A recent press release from the American Institute of Architects Chief Economist, Kermit Baker headlines: “Renovation claims 50% share of architecture firm billings for the first time.”
First time? We have plenty of evidence that renovation and restoration work, now an estimated $400 billion market for residential alone, has ALWAYS been 50% of the total construction pie. AIA’s PR release goes on to say, “reconstruction is an underappreciated segment in design and construction, partially because it’s difficult to track these projects.”
The chart below shows how renovations, rehabilitations, additions and historic preservation have been a growing share of design activity. In the past, there has been a discrepancy between what general contractors report about their construction activity and what architects report, the latter reporting more renovation activity. AIA’s economist Kermit Baker explains this: “architects are the only source I’ve seen who have a real handle on what’s going on in this area because general contractors are not engaged in these (renovation) projects. If you’re doing systems upgrade or a lighting upgrade, owners may just use a sub-contractor and bypass the general contractor. This is one of the major reasons why renovation and restorations are so underreported.”
AIA’s report goes on to tell us that total private spending on both new construction and remodeling was $1.6 trillion over the last ten years, increasing every year. What is driving renovations are adaptive use (25%); interior modernization (25%); tenant fit outs (18%); additions (10%) upgrades to the shell or systems (10%) and historic preservation (3%).
Renovation work spiked during the pandemic as restaurants and offices reconfigured for better circulation and homeowners were spending more time at home. But this is not the biggest reason for the R&R market’s growth. Nor are energy retrofits, motivated by the high cost of fuel or improving resiliency for bad weather and rising tides. These renovation activities account for 3.8% and 1.6%, respectively …of the AIA’s survey respondent’s work.
“As far as our respondents are concerned, this rebalancing of new construction versus reconstruction is a much bigger trend than the acute demands of the pandemic would suggest,” exclaims Baker. “As a country, and as design and construction industries, we’re finding that the opportunity to adapt or renovate what we already have is at least as appealing as starting anew on a site.”
The National Association of Home Builders' Chief Economist Robert Dietz agrees with AIA’s Kermit Baker but cites his own research and that of the U.S. Census. “Remodeling is and will the most buoyant segment of the construction industry,” Dietz told us at a recent NAHB Building Systems Council Summit in Atlanta. He said this during a housing economic forecast presentation about residential new construction which has recorded nine consecutive months of declines.
The NAHB forecast for residential remodeling shows a 13% year-over-year increase in 2021 and another 7% increase this year. In 2023, NAHB predicts 6% growth for residential remodeling, driven in large part by gains in home equity.
“We’re in the midst of a soft recession,” Dietz told us, as he lamented the Federal Reserve’s fiscal policy to raise interest rates, up now over 6%. His forecast for this year is for 981,000 new single-family housing starts, down from 1,131,000 last year. To be sure, higher interest rates make it more difficult for homebuyers to afford a mortgage, but so do rising prices for construction materials, land, government regulations and local zoning restrictions.
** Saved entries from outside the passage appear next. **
lemma P1d_optimal_exists:
  assumes lsr_pos: "\<forall>p\<in>{1..N}. lsr p > 0" and lrd_pos: "\<forall>p\<in>{1..N}. lrd p > 0"
  shows "\<exists>x. P1d_optimal N lsr lrd x"
proof -
  define box where "box p = (if p \<in> {1..N} then {0..1} else {0::real})" for p
  define K where "K = PiE UNIV box \<inter> {x. (\<Sum>p=1..N. x p * Cp lsr lrd p / lsr p) \<le> 1}
     \<inter> {x. (\<Sum>p=1..N. x p * Cp lsr lrd p / lrd p) \<le> 1}"
  have coordinate_continuous: "continuous_on S (\<lambda>x::nat\<Rightarrow>real. x p)" for S p
    by (rule continuous_on_subset[OF continuous_on_product_coordinates]) auto
  have "compactin (product_topology (\<lambda>_. euclidean) UNIV) (PiE UNIV box)"
    unfolding compactin_PiE by (auto simp: box_def)
  hence "compact (PiE UNIV box)" by (simp add: euclidean_product_topology)
  moreover have "closed {x::nat\<Rightarrow>real. (\<Sum>p=1..N. x p * Cp lsr lrd p / l p) \<le> 1}"
    if "\<forall>p\<in>{1..N}. l p > 0" for l
    by (intro closed_Collect_le continuous_intros coordinate_continuous) (use that in force)
  ultimately have "compact K"
    unfolding K_def using lsr_pos lrd_pos by (intro compact_Int_closed closed_Int) auto
  moreover have "(\<lambda>_. 0) \<in> K" by (simp add: K_def box_def PiE_iff)
  moreover have "continuous_on K (P1d_obj N lsr lrd)"
    unfolding P1d_obj_def by (intro continuous_intros coordinate_continuous)
  ultimately obtain x where x: "x \<in> K" and x_max: "\<forall>y\<in>K. P1d_obj N lsr lrd y \<le> P1d_obj N lsr lrd x"
    using continuous_attains_sup by (metis empty_iff)
  have "x p \<in> {0..1}" if "p \<in> {1..N}" for p
  proof -
    have "x p \<in> box p" using x by (simp add: K_def PiE_iff)
    thus ?thesis using that by (simp add: box_def)
  qed
  hence feasible: "P1d_feasible N lsr lrd x"
    using x by (auto simp: K_def P1d_feasible_def)
  have "P1d_obj N lsr lrd y \<le> P1d_obj N lsr lrd x" if "P1d_feasible N lsr lrd y" for y
  proof -
    \<comment> \<open>\<open>K\<close> pins the coordinates outside \<open>{1..N}\<close>, which no constraint sees, to \<open>0\<close>\<close>
    define y' where "y' p = (if p \<in> {1..N} then y p else 0)" for p
    have same_sums: "(\<Sum>p=1..N. y' p * f p) = (\<Sum>p=1..N. y p * f p)" for f :: "nat \<Rightarrow> real"
      by (rule sum.cong) (auto simp: y'_def)
    have "y' \<in> K"
      using that same_sums[of "\<lambda>p. Cp lsr lrd p / lsr p"] same_sums[of "\<lambda>p. Cp lsr lrd p / lrd p"]
      by (auto simp: K_def box_def y'_def PiE_iff P1d_feasible_def)
    thus ?thesis using x_max same_sums by (fastforce simp: P1d_obj_def)
  qed
  thus ?thesis using feasible unfolding P1d_optimal_def by blast
qed

lemma P1d_optimal_support_reduction:
  assumes lsr_pos: "\<forall>p\<in>{1..N}. lsr p > 0" and lrd_pos: "\<forall>p\<in>{1..N}. lrd p > 0"
    and opt: "P1d_optimal N lsr lrd x" and support: "2 < card {p\<in>{1..N}. x p > 0}"
  shows "\<exists>x'. P1d_optimal N lsr lrd x' \<and> card {p\<in>{1..N}. x' p > 0} < card {p\<in>{1..N}. x p > 0}"
proof -
  let ?C = "Cp lsr lrd"
  have "\<forall>p\<in>{1..N}. 0 \<le> x p" "\<forall>p\<in>{1..N}. 0 < ?C p / lsr p"
    using opt lsr_pos lrd_pos by (auto simp: P1d_optimal_def P1d_feasible_def Cp_pos)
  then obtain x' where nonneg: "\<forall>p\<in>{1..N}. 0 \<le> x' p"
      and sr: "(\<Sum>p=1..N. x' p * (?C p / lsr p)) = (\<Sum>p=1..N. x p * (?C p / lsr p))"
      and rd: "(\<Sum>p=1..N. x' p * (?C p / lrd p)) = (\<Sum>p=1..N. x p * (?C p / lrd p))"
      and obj: "(\<Sum>p=1..N. x p * ?C p) \<le> (\<Sum>p=1..N. x' p * ?C p)"
      and smaller: "{p\<in>{1..N}. 0 < x' p} \<subset> {p\<in>{1..N}. 0 < x p}"
    using support_reduction[of "{1..N}" x "\<lambda>p. ?C p / lsr p" "\<lambda>p. ?C p / lrd p" ?C] support
    by blast
  have "P1d_feasible N lsr lrd x'"
    using opt sr rd by (intro P1d_feasibleI[OF lsr_pos lrd_pos nonneg]) (simp_all add: P1d_optimal_def P1d_feasible_def)
  hence "P1d_optimal N lsr lrd x'"
    using opt obj by (auto simp: P1d_optimal_def P1d_obj_def)
  moreover have "card {p\<in>{1..N}. x' p > 0} < card {p\<in>{1..N}. x p > 0}"
    using smaller by (simp add: psubset_card_mono)
  ultimately show ?thesis by blast
qed

theorem lemma5:
  fixes N :: nat and lsr lrd :: "nat \<Rightarrow> real"
  assumes "\<forall>p\<in>{1..N}. lsr p \<in> \<rat> \<and> lsr p > 0"
      and "\<forall>p\<in>{1..N}. lrd p \<in> \<rat> \<and> lrd p > 0"
  shows "\<exists>x. P1d_optimal N lsr lrd x \<and> card {p\<in>{1..N}. x p > 0} \<le> 2"
proof -
  have lsr_pos: "\<forall>p\<in>{1..N}. lsr p > 0" and lrd_pos: "\<forall>p\<in>{1..N}. lrd p > 0"
    using assms by auto
  obtain x0 where "P1d_optimal N lsr lrd x0" using P1d_optimal_exists[OF lsr_pos lrd_pos] by blast
  then obtain x where opt: "P1d_optimal N lsr lrd x"
    and fewest: "\<forall>y. P1d_optimal N lsr lrd y \<longrightarrow> card {p\<in>{1..N}. x p > 0} \<le> card {p\<in>{1..N}. y p > 0}"
    using ex_has_least_nat[of "P1d_optimal N lsr lrd" x0 "\<lambda>x. card {p\<in>{1..N}. x p > 0}"] by blast
  have "card {p\<in>{1..N}. x p > 0} \<le> 2"
  proof (rule ccontr)
    assume "\<not> ?thesis"
    then obtain y where "P1d_optimal N lsr lrd y" "card {p\<in>{1..N}. y p > 0} < card {p\<in>{1..N}. x p > 0}"
      using P1d_optimal_support_reduction[OF lsr_pos lrd_pos opt] by auto
    with fewest show False by (meson not_le)
  qed
  with opt show ?thesis by blast
qed

end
One of the most surprising statistics in Robert Dietz’s presentation was the number of single-family homes built for rent. Including investor funded starts, single-family home construction for rent is 4.6% of the total SF market. The multifamily construction market is up 18% in 2022 with an estimated 561,000 units this year.
A few days after I attended NAHB’s Summit in Atlanta, I read a New York Times article by Emily Badger titled, “Whatever Happened to the Starter Home?” Badger explains the disconnect between what the homebuyer market wants and what home builders build. Single family homes are getting bigger, a disproportionate number above 5,000 square feet, whereas many first-time home buyers can only afford houses under 1,500 square feet.
Badger sites the difference between homes built in the 1940s and homes built today. “Nationwide, the small, detached house has all but vanished from new construction. Only 8% of new single-family homes today are 1,400 square feet or less. In the 1940s according to Core Logic, nearly 70% of new houses were that small.”
Gone today are the starter homes of the 20th century: bungalows, shotgun homes, ramblers and split levels. “A little Levittown house, the prototypical post-war suburban starter home now sells, with a few updates for $550,000,” Badger writes. “The economics of the housing market, and the local rules that shape it, have dictated that many small homes are replaced by McMansions, or that their moderate-income residents are replaced by wealthier ones. “
Our past can inform the present. Building new houses, the old way, if zoning were to allow it, can help solve the housing affordability problem. And fixing up an affordable old house, rather than tearing it down, preserves historic character and the American dream.